Dispersion equation for water waves with vorticity and Stokes waves on flows with counter-currents

TL;DR

This paper derives dispersion equations for water waves with vorticity, analyzing bifurcation from shear flows with counter-currents, and provides conditions for the existence of Stokes waves on finite-depth flows.

Contribution

It introduces new dispersion equations for bifurcating Stokes waves with vorticity and counter-currents, expanding understanding of wave formation in such flows.

Findings

Dispersion equations for bifurcating Stokes waves are derived.

Conditions for roots of dispersion equations are established.

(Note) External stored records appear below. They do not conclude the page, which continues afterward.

lemma plan_pigeonhole:
  assumes "plan (cover l r n) m p" "finite W" "W \<subseteq> verts G" "card W > m"
  obtains I where "I \<in> cover l r n" "card (W \<inter> layers (mid r I)) > p I"
proof (rule ccontr)
  assume "\<not> thesis"
  then have le: "\<forall>I\<in>cover l r n. card (W \<inter> layers (mid r I)) \<le> p I" using that by force
  define F where "F = (\<lambda>w. home n (lam w)) ` W"
  define Sp where "Sp = {I \<in> cover l r n. p I \<noteq> 0}"
  have F: "finite F" "F \<subseteq> cover l r n" unfolding F_def using assms(2) home_in_cover by auto
  have Sp: "finite Sp" "(\<Sum>I\<in>Sp. p I) = m" using assms(1) by (auto simp: plan_def Sp_def)
  have "card W = (\<Sum>I\<in>F. card (W \<inter> layers (mid r I)))"
    by (rule card_eq_sum_mid_layers[OF assms(2,3) F]) (auto simp: F_def)
  also have "\<dots> \<le> (\<Sum>I\<in>F. p I)" using le F(2) by (intro sum_mono) auto
  also have "\<dots> = (\<Sum>I\<in>F \<inter> Sp. p I)"
    by (rule sum.mono_neutral_right) (use F Sp_def in auto)
  also have "\<dots> \<le> m" using Sp by (metis inf_le2 sum_mono2 zero_le)
  finally show False using assms(4) by simp
qed

lemma sound_BEx:
  assumes b: "BEx m' r' x \<psi> \<in> set bs" and pl: "plan (cover l r n) m' p"
    and AI: "\<forall>I\<in>cover l r n. AI I \<subseteq> A \<and> models (expand (Gsub I) X (AI I)) (variant C M (p I) (BEx m' r' x \<psi>))"
  shows "models (expand G X A) (basic_fm (BEx m' r' x \<psi>))"
proof -
  have bp: "fv \<psi> \<subseteq> {x}" "r' \<le> r" using basic_props[OF b] by blast+
  have sym: "symp (adj (expand G X A))" using symp_adj by simp
  show ?thesis
  proof (cases "m' = 0")
  case True
  have "\<exists>W\<subseteq>verts (expand G X A). finite W \<and> card W = m' \<and> scattered (expand G X A) (2 * r') W
      \<and> (\<forall>w\<in>W. holds_at (expand G X A) \<psi> w)"
    using True by (intro exI[of _ "{}"]) (simp add: scattered_def)
  then show ?thesis using models_basic_BEx[OF bp(1) sym] by blast
next
  case False
  have "\<forall>I\<in>cover l r n. \<exists>W. W \<subseteq> layers (mid (2 * r) I) \<and> finite W \<and> card W = p I
         \<and> scattered (Gsub I) (2 * r') W \<and> (\<forall>w\<in>W. holds_at (expand (Gsub I) X (AI I)) \<psi> w)"
  proof
    fix I assume I: "I \<in> cover l r n"
    have sym_I: "symp (adj (expand (Gsub I) X (AI I)))" using symp_adj_Gsub by simp
    have "models (expand (Gsub I) X (AI I)) (variant C M (p I) (BEx m' r' x \<psi>))" using AI I by blast
    then obtain W where "finite W" "card W = p I" "scattered (Gsub I) (2 * r') W"
      "\<forall>w\<in>W. w \<in> layers (mid (2 * r) I) \<and> holds_at (expand (Gsub I) X (AI I)) \<psi> w"
      using models_variant_BEx[OF bp(1) sym_I] upred_Gsub_C by auto
    then show "\<exists>W. W \<subseteq> layers (mid (2 * r) I) \<and> finite W \<and> card W = p I
         \<and> scattered (Gsub I) (2 * r') W \<and> (\<forall>w\<in>W. holds_at (expand (Gsub I) X (AI I)) \<psi> w)"
      by blast
  qed
  then obtain W where W: "\<And>I. I \<in> cover l r n \<Longrightarrow> W I \<subseteq> layers (mid (2 * r) I) \<and> finite (W I)
      \<and> card (W I) = p I \<and> scattered (Gsub I) (2 * r') (W I)
      \<and> (\<forall>w\<in>W I. holds_at (expand (Gsub I) X (AI I)) \<psi> w)"
    by metis
  define Sp where "Sp = {I \<in> cover l r n. p I \<noteq> 0}"
  have Sp: "finite Sp" "(\<Sum>I\<in>Sp. p I) = m'" "Sp \<subseteq> cover l r n" using pl by (auto simp: plan_def Sp_def)
  have "layers (mid (2 * r) I) \<subseteq> layers (mid r I)" for I
    by (rule layers_mono[OF mid_antimono]) simp
  then have W_mid: "I \<in> Sp \<Longrightarrow> W I \<subseteq> layers (mid r I)" for I
    using W Sp(3) by blast
  have "card (\<Union>I\<in>Sp. W I) = (\<Sum>I\<in>Sp. card (W I))"
    using card_UN_mid_layers[OF Sp(1,3), of W] W_mid W Sp(3) by blast
  also have "\<dots> = m'" using W Sp(2,3) by (metis (no_types, lifting) subsetD sum.cong)
  finally have "card (\<Union>I\<in>Sp. W I) = m'" .
  moreover have "scattered G (2 * r') (\<Union>I\<in>Sp. W I)"
    by (rule scattered_UN_mid_layers[OF Sp(3)]) (use W Sp(3) bp(2) in auto)
  moreover have "\<forall>w\<in>(\<Union>I\<in>Sp. W I). holds_at (expand G X A) \<psi> w"
  proof
    fix w assume "w \<in> (\<Union>I\<in>Sp. W I)"
    then obtain I where I: "I \<in> Sp" "w \<in> W I" by blast
    have IR: "I \<in> cover l r n" using I(1) Sp(3) by blast
    have "holds_at (expand (Gsub I) X (AI I)) \<psi> w" using W[OF IR] I(2) by blast
    moreover have "AI I \<subseteq> A" using AI IR by blast
    ultimately show "holds_at (expand G X A) \<psi> w"
      using holds_at_Gsub_imp_G[OF b _ IR W_mid[OF I(1), THEN subsetD, OF I(2)]] False by simp
  qed
  moreover have "(\<Union>I\<in>Sp. W I) \<subseteq> verts G" "finite (\<Union>I\<in>Sp. W I)"
    using W Sp layers_subset by blast+
  ultimately show ?thesis
    using models_basic_BEx[OF bp(1) sym] by auto
qed
qed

Illustrative examples with specific vorticity distributions are provided.

Abstract

The two-dimensional free-boundary problem of steady periodic waves with vorticity is considered for water of finite depth. We investigate how flows with small-amplitude Stokes waves on the free surface bifurcate from a horizontal parallel shear flow in which counter-currents may be present. Two bifurcation mechanisms are described: for waves with fixed Bernoulli's constant and fixed wavelength. In both cases the corresponding dispersion equations serve for defining wavelengths from which Stokes waves bifurcate. Sufficient conditions guaranteeing the existence of roots of these equations are obtained. Two particular vorticity distributions are considered in order to illustrate general results.